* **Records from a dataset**
· · · · ·

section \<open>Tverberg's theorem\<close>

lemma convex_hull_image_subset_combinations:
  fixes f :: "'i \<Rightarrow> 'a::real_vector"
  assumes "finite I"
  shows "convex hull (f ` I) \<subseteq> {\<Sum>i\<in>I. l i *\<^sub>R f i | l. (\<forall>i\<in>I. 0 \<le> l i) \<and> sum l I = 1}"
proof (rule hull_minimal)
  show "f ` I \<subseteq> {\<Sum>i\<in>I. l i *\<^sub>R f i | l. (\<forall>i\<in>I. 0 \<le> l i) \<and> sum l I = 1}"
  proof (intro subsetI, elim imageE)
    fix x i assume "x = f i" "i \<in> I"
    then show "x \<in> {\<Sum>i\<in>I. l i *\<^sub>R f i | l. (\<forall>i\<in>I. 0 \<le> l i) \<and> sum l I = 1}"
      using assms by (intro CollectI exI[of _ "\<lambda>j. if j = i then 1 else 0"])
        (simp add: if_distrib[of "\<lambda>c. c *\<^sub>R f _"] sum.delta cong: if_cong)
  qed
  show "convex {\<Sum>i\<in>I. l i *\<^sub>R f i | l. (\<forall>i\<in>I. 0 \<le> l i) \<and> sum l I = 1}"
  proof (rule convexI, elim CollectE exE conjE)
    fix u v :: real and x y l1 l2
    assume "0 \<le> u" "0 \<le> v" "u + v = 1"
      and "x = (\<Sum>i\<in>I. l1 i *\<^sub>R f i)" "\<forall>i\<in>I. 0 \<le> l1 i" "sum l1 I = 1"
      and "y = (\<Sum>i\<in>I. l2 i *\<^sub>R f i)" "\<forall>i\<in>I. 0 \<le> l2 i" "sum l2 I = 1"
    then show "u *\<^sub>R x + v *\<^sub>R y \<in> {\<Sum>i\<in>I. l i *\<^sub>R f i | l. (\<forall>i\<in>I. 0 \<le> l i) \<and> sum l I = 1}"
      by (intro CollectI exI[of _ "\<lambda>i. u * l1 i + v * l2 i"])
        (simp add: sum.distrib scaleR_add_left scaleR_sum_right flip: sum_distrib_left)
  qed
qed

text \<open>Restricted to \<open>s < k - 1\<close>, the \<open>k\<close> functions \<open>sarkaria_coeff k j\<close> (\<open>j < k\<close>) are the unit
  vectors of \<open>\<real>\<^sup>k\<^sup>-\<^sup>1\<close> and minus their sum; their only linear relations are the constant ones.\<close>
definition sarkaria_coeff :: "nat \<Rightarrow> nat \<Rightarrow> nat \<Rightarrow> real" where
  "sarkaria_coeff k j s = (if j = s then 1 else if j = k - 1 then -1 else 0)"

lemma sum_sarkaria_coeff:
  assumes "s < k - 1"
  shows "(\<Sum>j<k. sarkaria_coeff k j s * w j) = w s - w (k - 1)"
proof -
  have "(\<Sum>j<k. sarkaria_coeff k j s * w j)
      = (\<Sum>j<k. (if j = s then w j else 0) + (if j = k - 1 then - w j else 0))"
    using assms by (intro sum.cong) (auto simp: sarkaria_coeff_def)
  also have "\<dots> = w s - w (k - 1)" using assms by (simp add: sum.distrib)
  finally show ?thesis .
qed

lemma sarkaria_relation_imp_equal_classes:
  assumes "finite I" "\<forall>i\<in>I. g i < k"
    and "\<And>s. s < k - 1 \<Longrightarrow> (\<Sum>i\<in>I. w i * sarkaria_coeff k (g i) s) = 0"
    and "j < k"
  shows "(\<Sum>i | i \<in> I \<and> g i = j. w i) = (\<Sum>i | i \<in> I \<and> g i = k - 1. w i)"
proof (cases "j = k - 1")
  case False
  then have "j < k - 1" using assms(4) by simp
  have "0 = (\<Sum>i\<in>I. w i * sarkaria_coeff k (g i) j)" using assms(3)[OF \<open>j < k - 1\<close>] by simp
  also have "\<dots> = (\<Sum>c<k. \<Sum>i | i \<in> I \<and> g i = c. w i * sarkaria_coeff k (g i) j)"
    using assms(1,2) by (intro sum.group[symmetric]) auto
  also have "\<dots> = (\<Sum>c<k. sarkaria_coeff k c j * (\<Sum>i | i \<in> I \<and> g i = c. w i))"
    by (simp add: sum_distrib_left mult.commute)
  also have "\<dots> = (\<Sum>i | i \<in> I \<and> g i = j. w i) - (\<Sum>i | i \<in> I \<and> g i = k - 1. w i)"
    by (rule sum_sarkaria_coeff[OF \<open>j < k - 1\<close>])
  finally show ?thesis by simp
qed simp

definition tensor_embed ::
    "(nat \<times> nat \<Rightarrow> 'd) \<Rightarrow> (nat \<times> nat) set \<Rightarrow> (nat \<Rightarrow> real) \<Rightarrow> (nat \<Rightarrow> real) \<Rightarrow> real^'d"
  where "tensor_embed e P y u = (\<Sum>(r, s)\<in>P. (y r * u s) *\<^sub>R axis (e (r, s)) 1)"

· · · · ·

* **TASK DETAILS**
Write out every line, unchanged, from the one containing "using assms by (intro sum.cong)" through the closing line of the data.

* **OUTPUT FOR THIS TASK**
    using assms by (intro sum.cong) (auto simp: sarkaria_coeff_def)
  also have "\<dots> = w s - w (k - 1)" using assms by (simp add: sum.distrib)
  finally show ?thesis .
qed

lemma sarkaria_relation_imp_equal_classes:
  assumes "finite I" "\<forall>i\<in>I. g i < k"
    and "\<And>s. s < k - 1 \<Longrightarrow> (\<Sum>i\<in>I. w i * sarkaria_coeff k (g i) s) = 0"
    and "j < k"
  shows "(\<Sum>i | i \<in> I \<and> g i = j. w i) = (\<Sum>i | i \<in> I \<and> g i = k - 1. w i)"
proof (cases "j = k - 1")
  case False
  then have "j < k - 1" using assms(4) by simp
  have "0 = (\<Sum>i\<in>I. w i * sarkaria_coeff k (g i) j)" using assms(3)[OF \<open>j < k - 1\<close>] by simp
  also have "\<dots> = (\<Sum>c<k. \<Sum>i | i \<in> I \<and> g i = c. w i * sarkaria_coeff k (g i) j)"
    using assms(1,2) by (intro sum.group[symmetric]) auto
  also have "\<dots> = (\<Sum>c<k. sarkaria_coeff k c j * (\<Sum>i | i \<in> I \<and> g i = c. w i))"
    by (simp add: sum_distrib_left mult.commute)
  also have "\<dots> = (\<Sum>i | i \<in> I \<and> g i = j. w i) - (\<Sum>i | i \<in> I \<and> g i = k - 1. w i)"
    by (rule sum_sarkaria_coeff[OF \<open>j < k - 1\<close>])
  finally show ?thesis by simp
qed simp

definition tensor_embed ::
    "(nat \<times> nat \<Rightarrow> 'd) \<Rightarrow> (nat \<times> nat) set \<Rightarrow> (nat \<Rightarrow> real) \<Rightarrow> (nat \<Rightarrow> real) \<Rightarrow> real^'d"
  where "tensor_embed e P y u = (\<Sum>(r, s)\<in>P. (y r * u s) *\<^sub>R axis (e (r, s)) 1)"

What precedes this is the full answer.